START Source material

(* Let $\langle X,\tau,T\rangle$ be a conditional space and $\mathrm{Cm}=\langle\mathcal{P}(X),\to_T\rangle$ its full complex algebra. With $x,y,z$ ranging over $X$ and $Y,Z$ over closed subsets of $X$, and the inequalities in $\mathrm{Cm}$ holding for all elements: (T3* ) $(a\to c)\wedge(b\to c)\le(a\vee b)\to c$ holds in $\mathrm{Cm}$ iff for all $x,y$ and nonempty $Y$, $T(x,Y,y)$ implies there is $z\in Y$ with $T(x,\{z\},y)$; (T4) $a\to b\le c\to(a\to b)$ holds in $\mathrm{Cm}$ iff $T(x,Y,y)$ and $T(y,Z,z)$ imply $T(x,Z,z)$; (T5) $a\wedge(a\to b)\le b$ holds in $\mathrm{Cm}$ iff $T(x,\{x\},x)$ for all $x$; (T6) $a\to b\le\neg b\to\neg a$ holds in $\mathrm{Cm}$ iff $T(x,Y,y)$ implies there is $z\in Y$ with $T(x,\{y\},z)$; (T7) $\neg(a\to b)\le c\to\neg(a\to b)$ holds in $\mathrm{Cm}$ iff $T(x,Y,y)$ and $T(x,Z,z)$ imply $T(y,Z,z)$; (T8) $(1\to(\neg a\vee b))\wedge(b\to c)\le a\to c$ holds in $\mathrm{Cm}$ iff for all $x,y,Y,Z$: $T(x,Y,y)$ and $T(x,X)\cap Y\subseteq Z$ imply $T(x,Z,y)$.
   Context: A conditional space is $\langle X,\tau,T\rangle$ with $\langle X,\tau\rangle$ a Boolean (compact, Hausdorff, zero-dimensional) space and $T\subseteq X\times\mathcal{C}(\tau)\times X$ ($\mathcal{C}(\tau)$ the closed sets) satisfying: (T1) $T(x,Y)=\{y:T(x,Y,y)\}$ is closed for all $x$ and closed $Y$; (T2) for clopen $U,V$, $U\to_T V$ is clopen; (T3) for closed $Y$, $T(x,Y,y)$ iff $T(x,U,y)$ for all clopen $U\supseteq Y$. For any $U,V\subseteq X$, $U\to_T V=\{x\in X:\text{for all closed } Z\subseteq U,\ T(x,Z)\subseteq V\}$. In $\mathrm{Cm}$, $\wedge,\vee,\neg,1$ are intersection, union, complement and $X$. *)

theory Defs
  imports "HOL-Analysis.Analysis"
begin

text \<open>The Boolean space is the whole carrier UNIV of a topological type 'a;
  the ternary relation T is a predicate on points, (closed) sets, points.\<close>

definition zero_dimensional_space :: "'a::topological_space itself \<Rightarrow> bool" where
  "zero_dimensional_space _ \<longleftrightarrow>
     (\<forall>U::'a set. open U \<longrightarrow> (\<exists>B. (\<forall>b\<in>B. open b \<and> closed b) \<and> U = \<Union>B))"

definition boolean_space :: "'a::topological_space itself \<Rightarrow> bool" where
  "boolean_space t \<longleftrightarrow> compact (UNIV::'a set)
     \<and> (\<forall>x y::'a. x \<noteq> y \<longrightarrow> (\<exists>U V. open U \<and> open V \<and> x \<in> U \<and> y \<in> V \<and> U \<inter> V = {}))
     \<and> zero_dimensional_space t"

definition Tset :: "('a \<Rightarrow> 'a set \<Rightarrow> 'a \<Rightarrow> bool) \<Rightarrow> 'a \<Rightarrow> 'a set \<Rightarrow> 'a set" where
  "Tset T x Y = {y. T x Y y}"

definition cond_arrow :: "('a::topological_space \<Rightarrow> 'a set \<Rightarrow> 'a \<Rightarrow> bool) \<Rightarrow> 'a set \<Rightarrow> 'a set \<Rightarrow> 'a set" where
  "cond_arrow T U V = {x. \<forall>Z. closed Z \<and> Z \<subseteq> U \<longrightarrow> Tset T x Z \<subseteq> V}"

definition conditional_space :: "('a::topological_space \<Rightarrow> 'a set \<Rightarrow> 'a \<Rightarrow> bool) \<Rightarrow> bool" where
  "conditional_space T \<longleftrightarrow> boolean_space TYPE('a)
     \<and> (\<forall>x Y y. T x Y y \<longrightarrow> closed Y)
     \<and> (\<forall>x Y. closed Y \<longrightarrow> closed (Tset T x Y))
     \<and> (\<forall>U V. open U \<and> closed U \<and> open V \<and> closed V \<longrightarrow>
          open (cond_arrow T U V) \<and> closed (cond_arrow T U V))
     \<and> (\<forall>x Y y. closed Y \<longrightarrow>
          (T x Y y \<longleftrightarrow> (\<forall>U. open U \<and> closed U \<and> Y \<subseteq> U \<longrightarrow> T x U y)))"

end

theory Submission
  imports Defs
begin

text \<open>For a closed antecedent \<open>Y\<close>, monotonicity of \<open>T\<close> in its set argument (a consequence
  of (T3)) gives \<open>x \<in> Y \<rightarrow> b\<close> iff \<open>T(x,Y) \<subseteq> b\<close>. Each law can therefore be tested on the
  elements \<open>Y \<rightarrow> T(x,Y)\<close> with \<open>Y\<close> closed (often a singleton), and each frame condition
  is recovered by a one-step argument. The exception is (T3*): there compactness reduces a closed
  \<open>Y\<close> to finitely many clopen sets \<open>U\<close> with \<open>\<not> T(x,U,y)\<close>, which cover \<open>Y\<close> because, by (T3),
  \<open>\<not> T(x,{z},y)\<close> is witnessed by a clopen neighbourhood of \<open>z\<close>.\<close>

lemma mem_Tset_iff [simp]: "y \<in> Tset T x Y \<longleftrightarrow> T x Y y"
  by (simp add: Tset_def)

lemma cond_arrowD: "x \<in> cond_arrow T a b \<Longrightarrow> closed Z \<Longrightarrow> Z \<subseteq> a \<Longrightarrow> T x Z y \<Longrightarrow> y \<in> b"
  unfolding cond_arrow_def Tset_def by blast

lemma cond_arrowI:
  "(\<And>Z y. closed Z \<Longrightarrow> Z \<subseteq> a \<Longrightarrow> T x Z y \<Longrightarrow> y \<in> b) \<Longrightarrow> x \<in> cond_arrow T a b"
  unfolding cond_arrow_def Tset_def by blast

lemma cond_arrow_antimono: "a \<subseteq> a' \<Longrightarrow> cond_arrow T a' c \<subseteq> cond_arrow T a c"
  unfolding cond_arrow_def by blast

lemma cond_arrow_Union:
  assumes sup: "\<forall>a b. cond_arrow T a c \<inter> cond_arrow T b c \<subseteq> cond_arrow T (a \<union> b) c"
    and "finite F" "F \<noteq> {}" "\<forall>U\<in>F. x \<in> cond_arrow T U c"
  shows "x \<in> cond_arrow T (\<Union>F) c"
  using assms(2-4) by (induction F rule: finite_ne_induct) (use sup in auto)

lemma conditional_space_compact:
  "conditional_space (T :: 'a::topological_space \<Rightarrow> _) \<Longrightarrow> compact (UNIV :: 'a set)"
  unfolding conditional_space_def boolean_space_def by blast

lemma conditional_space_closed_singleton:
  assumes "conditional_space (T :: 'a::topological_space \<Rightarrow> _)"
  shows "closed {z :: 'a}"
proof -
  have sep: "\<forall>x y :: 'a. x \<noteq> y \<longrightarrow> (\<exists>U V. open U \<and> open V \<and> x \<in> U \<and> y \<in> V \<and> U \<inter> V = {})"
    using assms unfolding conditional_space_def boolean_space_def by simp
  have "open (- {z})"
  proof (subst open_subopen, intro ballI)
    fix w assume "w \<in> - {z}"
    then obtain U V where "open U" "open V" "z \<in> U" "w \<in> V" "U \<inter> V = {}"
      using sep by (metis ComplD singleton_iff)
    then show "\<exists>V. open V \<and> w \<in> V \<and> V \<subseteq> - {z}"
      by blast
  qed
  then show ?thesis
    by (simp add: closed_def)
qed

lemma conditional_space_closed_Tset:
  "conditional_space T \<Longrightarrow> closed Y \<Longrightarrow> closed (Tset T x Y)"
  unfolding conditional_space_def by simp

lemma conditional_space_T_iff_clopen:
  "conditional_space T \<Longrightarrow> closed Y \<Longrightarrow>
     T x Y y \<longleftrightarrow> (\<forall>U. open U \<and> closed U \<and> Y \<subseteq> U \<longrightarrow> T x U y)"
  unfolding conditional_space_def by simp

lemma conditional_space_T_mono:
  assumes "conditional_space T" "closed Y" "closed Y'" "Y \<subseteq> Y'" "T x Y y"
  shows "T x Y' y"
  using assms conditional_space_T_iff_clopen[OF assms(1)] by (meson order_trans)

lemma mem_cond_arrow_closed_iff:
  assumes c: "conditional_space T" and a: "closed a"
  shows "x \<in> cond_arrow T a b \<longleftrightarrow> Tset T x a \<subseteq> b"
proof
  assume "x \<in> cond_arrow T a b"
  then show "Tset T x a \<subseteq> b"
    using cond_arrowD[OF _ a order_refl] by auto
next
  assume "Tset T x a \<subseteq> b"
  then show "x \<in> cond_arrow T a b"
    using conditional_space_T_mono[OF c _ a] by (auto intro!: cond_arrowI)
qed

lemma mem_cond_arrow_Tset:
  "conditional_space T \<Longrightarrow> closed a \<Longrightarrow> x \<in> cond_arrow T a (Tset T x a)"
  by (simp add: mem_cond_arrow_closed_iff)

lemma singleton_witness_if_sup_law:
  assumes c: "conditional_space T"
    and sup: "\<forall>a b c. cond_arrow T a c \<inter> cond_arrow T b c \<subseteq> cond_arrow T (a \<union> b) c"
    and Y: "closed Y" "Y \<noteq> {}" "T x Y y"
  shows "\<exists>z\<in>Y. T x {z} y"
proof (rule ccontr)
  assume no_witness: "\<not> (\<exists>z\<in>Y. T x {z} y)"
  define \<U> where "\<U> = {U. open U \<and> closed U \<and> \<not> T x U y}"
  have "Y \<subseteq> \<Union>\<U>"
  proof
    fix z assume "z \<in> Y"
    then have "\<not> T x {z} y"
      using no_witness by blast
    then show "z \<in> \<Union>\<U>"
      using conditional_space_T_iff_clopen[OF c conditional_space_closed_singleton[OF c]]
      unfolding \<U>_def by blast
  qed
  moreover have "compact Y"
    using compact_Int_closed[OF conditional_space_compact[OF c] Y(1)] by simp
  ultimately obtain F where F: "F \<subseteq> \<U>" "finite F" "Y \<subseteq> \<Union>F"
    using compactE[of Y \<U>] unfolding \<U>_def by blast
  have "\<forall>U\<in>F. x \<in> cond_arrow T U (- {y})"
    using F(1) by (auto simp: \<U>_def mem_cond_arrow_closed_iff[OF c])
  then have "x \<in> cond_arrow T (\<Union>F) (- {y})"
    using cond_arrow_Union[of T "- {y}"] sup F(2,3) Y(2) by blast
  then have "x \<in> cond_arrow T Y (- {y})"
    using cond_arrow_antimono[OF F(3)] by blast
  then show False
    using Y by (auto simp: mem_cond_arrow_closed_iff[OF c])
qed

lemma correspondence_T3_star:
  assumes c: "conditional_space T"
  shows "(\<forall>a b c. cond_arrow T a c \<inter> cond_arrow T b c \<subseteq> cond_arrow T (a \<union> b) c) \<longleftrightarrow>
    (\<forall>x y Y. closed Y \<and> Y \<noteq> {} \<and> T x Y y \<longrightarrow> (\<exists>z\<in>Y. T x {z} y))"
proof (intro iffI allI impI subsetI)
  fix x y Y
  assume "\<forall>a b c. cond_arrow T a c \<inter> cond_arrow T b c \<subseteq> cond_arrow T (a \<union> b) c"
    and "closed Y \<and> Y \<noteq> {} \<and> T x Y y"
  then show "\<exists>z\<in>Y. T x {z} y"
    using singleton_witness_if_sup_law[OF c] by simp
next
  fix a b d x
  assume witness: "\<forall>x y Y. closed Y \<and> Y \<noteq> {} \<and> T x Y y \<longrightarrow> (\<exists>z\<in>Y. T x {z} y)"
    and x: "x \<in> cond_arrow T a d \<inter> cond_arrow T b d"
  show "x \<in> cond_arrow T (a \<union> b) d"
  proof (rule cond_arrowI)
    fix Z y assume Z: "closed Z" "Z \<subseteq> a \<union> b" and "T x Z y"
    show "y \<in> d"
    proof (cases "Z = {}")
      case True
      then show ?thesis
        using cond_arrowD[of x T a d Z y] x Z \<open>T x Z y\<close> by simp
    next
      case False
      then have "\<exists>z\<in>Z. T x {z} y"
        using witness Z \<open>T x Z y\<close> by simp
      then obtain z where z: "z \<in> Z" "T x {z} y" ..
      then have "{z} \<subseteq> a \<or> {z} \<subseteq> b"
        using Z by auto
      then show ?thesis
        using cond_arrowD[of x T a d "{z}" y] cond_arrowD[of x T b d "{z}" y]
          conditional_space_closed_singleton[OF c] x z(2)
        by auto
    qed
  qed
qed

END Source material

> [To do]: Go through the listing above and write out exactly the lines starting with the one holding "proof (rule cond_arrowI)" and running through the one holding "using witness Z", ends included, and no others.

> [Reply to the task]:
  proof (rule cond_arrowI)
    fix Z y assume Z: "closed Z" "Z \<subseteq> a \<union> b" and "T x Z y"
    show "y \<in> d"
    proof (cases "Z = {}")
      case True
      then show ?thesis
        using cond_arrowD[of x T a d Z y] x Z \<open>T x Z y\<close> by simp
    next
      case False
      then have "\<exists>z\<in>Z. T x {z} y"
        using witness Z \<open>T x Z y\<close> by simp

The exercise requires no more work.